Stored data entries
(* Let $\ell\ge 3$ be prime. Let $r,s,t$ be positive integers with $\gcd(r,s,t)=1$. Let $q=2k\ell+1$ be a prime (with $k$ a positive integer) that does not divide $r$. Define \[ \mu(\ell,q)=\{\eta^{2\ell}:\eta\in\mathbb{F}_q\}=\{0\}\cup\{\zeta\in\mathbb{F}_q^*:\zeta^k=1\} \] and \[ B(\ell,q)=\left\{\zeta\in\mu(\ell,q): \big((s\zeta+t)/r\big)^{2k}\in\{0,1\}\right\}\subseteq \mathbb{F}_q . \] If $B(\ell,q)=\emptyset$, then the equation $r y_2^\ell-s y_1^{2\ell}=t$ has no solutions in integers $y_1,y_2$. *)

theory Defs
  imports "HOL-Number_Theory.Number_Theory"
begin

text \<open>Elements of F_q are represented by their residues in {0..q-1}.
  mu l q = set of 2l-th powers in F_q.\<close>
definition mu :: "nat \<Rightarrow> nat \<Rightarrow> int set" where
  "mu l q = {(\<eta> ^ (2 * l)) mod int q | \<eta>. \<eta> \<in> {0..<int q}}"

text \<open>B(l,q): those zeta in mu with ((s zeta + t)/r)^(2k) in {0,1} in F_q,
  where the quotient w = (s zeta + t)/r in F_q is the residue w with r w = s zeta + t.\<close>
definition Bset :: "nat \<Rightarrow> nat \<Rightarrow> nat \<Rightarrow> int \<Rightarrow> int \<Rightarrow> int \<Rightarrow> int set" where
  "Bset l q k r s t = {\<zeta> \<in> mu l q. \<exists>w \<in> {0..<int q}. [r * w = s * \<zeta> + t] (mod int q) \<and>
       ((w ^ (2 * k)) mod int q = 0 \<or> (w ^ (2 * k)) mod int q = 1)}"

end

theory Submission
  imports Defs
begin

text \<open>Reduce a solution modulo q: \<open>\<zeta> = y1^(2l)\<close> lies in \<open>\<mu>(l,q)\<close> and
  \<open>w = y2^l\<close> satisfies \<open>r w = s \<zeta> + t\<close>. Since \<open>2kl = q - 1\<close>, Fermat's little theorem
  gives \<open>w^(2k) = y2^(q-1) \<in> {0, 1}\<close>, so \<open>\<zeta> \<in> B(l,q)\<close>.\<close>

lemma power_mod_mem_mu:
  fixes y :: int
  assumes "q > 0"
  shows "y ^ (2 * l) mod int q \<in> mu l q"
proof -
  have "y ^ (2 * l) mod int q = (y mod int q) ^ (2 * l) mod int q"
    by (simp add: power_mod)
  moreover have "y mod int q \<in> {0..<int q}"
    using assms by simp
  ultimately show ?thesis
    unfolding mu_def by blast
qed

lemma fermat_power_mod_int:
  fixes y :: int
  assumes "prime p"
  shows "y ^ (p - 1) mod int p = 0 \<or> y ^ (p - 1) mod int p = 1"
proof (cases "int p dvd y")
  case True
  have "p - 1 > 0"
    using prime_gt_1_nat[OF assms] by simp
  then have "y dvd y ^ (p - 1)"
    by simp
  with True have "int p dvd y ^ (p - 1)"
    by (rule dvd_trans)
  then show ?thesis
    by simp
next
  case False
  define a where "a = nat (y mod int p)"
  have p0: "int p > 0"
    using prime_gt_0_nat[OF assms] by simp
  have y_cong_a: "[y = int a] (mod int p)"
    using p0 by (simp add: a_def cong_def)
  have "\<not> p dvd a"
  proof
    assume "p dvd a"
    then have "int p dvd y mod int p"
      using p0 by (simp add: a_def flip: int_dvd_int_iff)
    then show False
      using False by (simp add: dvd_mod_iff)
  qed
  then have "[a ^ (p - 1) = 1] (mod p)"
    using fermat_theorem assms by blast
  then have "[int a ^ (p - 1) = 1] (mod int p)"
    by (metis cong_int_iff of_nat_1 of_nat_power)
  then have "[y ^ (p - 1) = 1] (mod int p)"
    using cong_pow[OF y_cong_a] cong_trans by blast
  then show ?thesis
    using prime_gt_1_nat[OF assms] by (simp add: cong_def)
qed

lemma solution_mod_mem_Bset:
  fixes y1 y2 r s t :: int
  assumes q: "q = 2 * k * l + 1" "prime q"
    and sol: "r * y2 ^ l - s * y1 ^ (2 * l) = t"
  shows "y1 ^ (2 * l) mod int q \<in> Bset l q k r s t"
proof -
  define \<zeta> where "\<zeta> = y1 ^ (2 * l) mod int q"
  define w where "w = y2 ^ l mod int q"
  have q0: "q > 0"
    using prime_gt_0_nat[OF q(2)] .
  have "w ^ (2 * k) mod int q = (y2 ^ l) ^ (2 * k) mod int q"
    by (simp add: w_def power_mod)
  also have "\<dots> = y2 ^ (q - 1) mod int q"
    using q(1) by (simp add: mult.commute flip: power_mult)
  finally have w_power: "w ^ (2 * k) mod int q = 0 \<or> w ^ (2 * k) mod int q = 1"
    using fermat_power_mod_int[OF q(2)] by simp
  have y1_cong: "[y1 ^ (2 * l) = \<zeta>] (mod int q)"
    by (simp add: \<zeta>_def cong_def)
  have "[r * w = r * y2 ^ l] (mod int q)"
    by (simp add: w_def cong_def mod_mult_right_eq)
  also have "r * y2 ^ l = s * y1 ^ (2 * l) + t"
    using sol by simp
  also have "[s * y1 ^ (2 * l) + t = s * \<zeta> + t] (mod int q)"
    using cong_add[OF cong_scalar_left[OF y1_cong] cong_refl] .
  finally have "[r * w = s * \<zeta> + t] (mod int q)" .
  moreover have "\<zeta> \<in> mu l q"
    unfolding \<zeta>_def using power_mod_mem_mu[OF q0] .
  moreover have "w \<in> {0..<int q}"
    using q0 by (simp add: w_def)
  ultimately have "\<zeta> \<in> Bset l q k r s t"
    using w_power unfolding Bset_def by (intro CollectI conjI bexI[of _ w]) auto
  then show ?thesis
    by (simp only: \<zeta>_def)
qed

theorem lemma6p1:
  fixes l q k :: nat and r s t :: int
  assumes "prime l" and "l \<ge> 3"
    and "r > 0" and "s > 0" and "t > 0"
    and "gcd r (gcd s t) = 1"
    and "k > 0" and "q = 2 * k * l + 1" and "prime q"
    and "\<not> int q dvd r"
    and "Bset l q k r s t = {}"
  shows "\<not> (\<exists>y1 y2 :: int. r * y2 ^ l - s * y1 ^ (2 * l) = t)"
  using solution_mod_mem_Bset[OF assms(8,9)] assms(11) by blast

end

- [What you have to do] Set down, unchanged, only those lines above that fall between the line with "p dvd y mod" and the line with "by (simp add: \<zeta>_def cong_def)", the two end lines included.

- [Exercise output]
    then have "int p dvd y mod int p"
      using p0 by (simp add: a_def flip: int_dvd_int_iff)
    then show False
      using False by (simp add: dvd_mod_iff)
  qed
  then have "[a ^ (p - 1) = 1] (mod p)"
    using fermat_theorem assms by blast
  then have "[int a ^ (p - 1) = 1] (mod int p)"
    by (metis cong_int_iff of_nat_1 of_nat_power)
  then have "[y ^ (p - 1) = 1] (mod int p)"
    using cong_pow[OF y_cong_a] cong_trans by blast
  then show ?thesis
    using prime_gt_1_nat[OF assms] by (simp add: cong_def)
qed

lemma solution_mod_mem_Bset:
  fixes y1 y2 r s t :: int
  assumes q: "q = 2 * k * l + 1" "prime q"
    and sol: "r * y2 ^ l - s * y1 ^ (2 * l) = t"
  shows "y1 ^ (2 * l) mod int q \<in> Bset l q k r s t"
proof -
  define \<zeta> where "\<zeta> = y1 ^ (2 * l) mod int q"
  define w where "w = y2 ^ l mod int q"
  have q0: "q > 0"
    using prime_gt_0_nat[OF q(2)] .
  have "w ^ (2 * k) mod int q = (y2 ^ l) ^ (2 * k) mod int q"
    by (simp add: w_def power_mod)
  also have "\<dots> = y2 ^ (q - 1) mod int q"
    using q(1) by (simp add: mult.commute flip: power_mult)
  finally have w_power: "w ^ (2 * k) mod int q = 0 \<or> w ^ (2 * k) mod int q = 1"
    using fermat_power_mod_int[OF q(2)] by simp
  have y1_cong: "[y1 ^ (2 * l) = \<zeta>] (mod int q)"
    by (simp add: \<zeta>_def cong_def)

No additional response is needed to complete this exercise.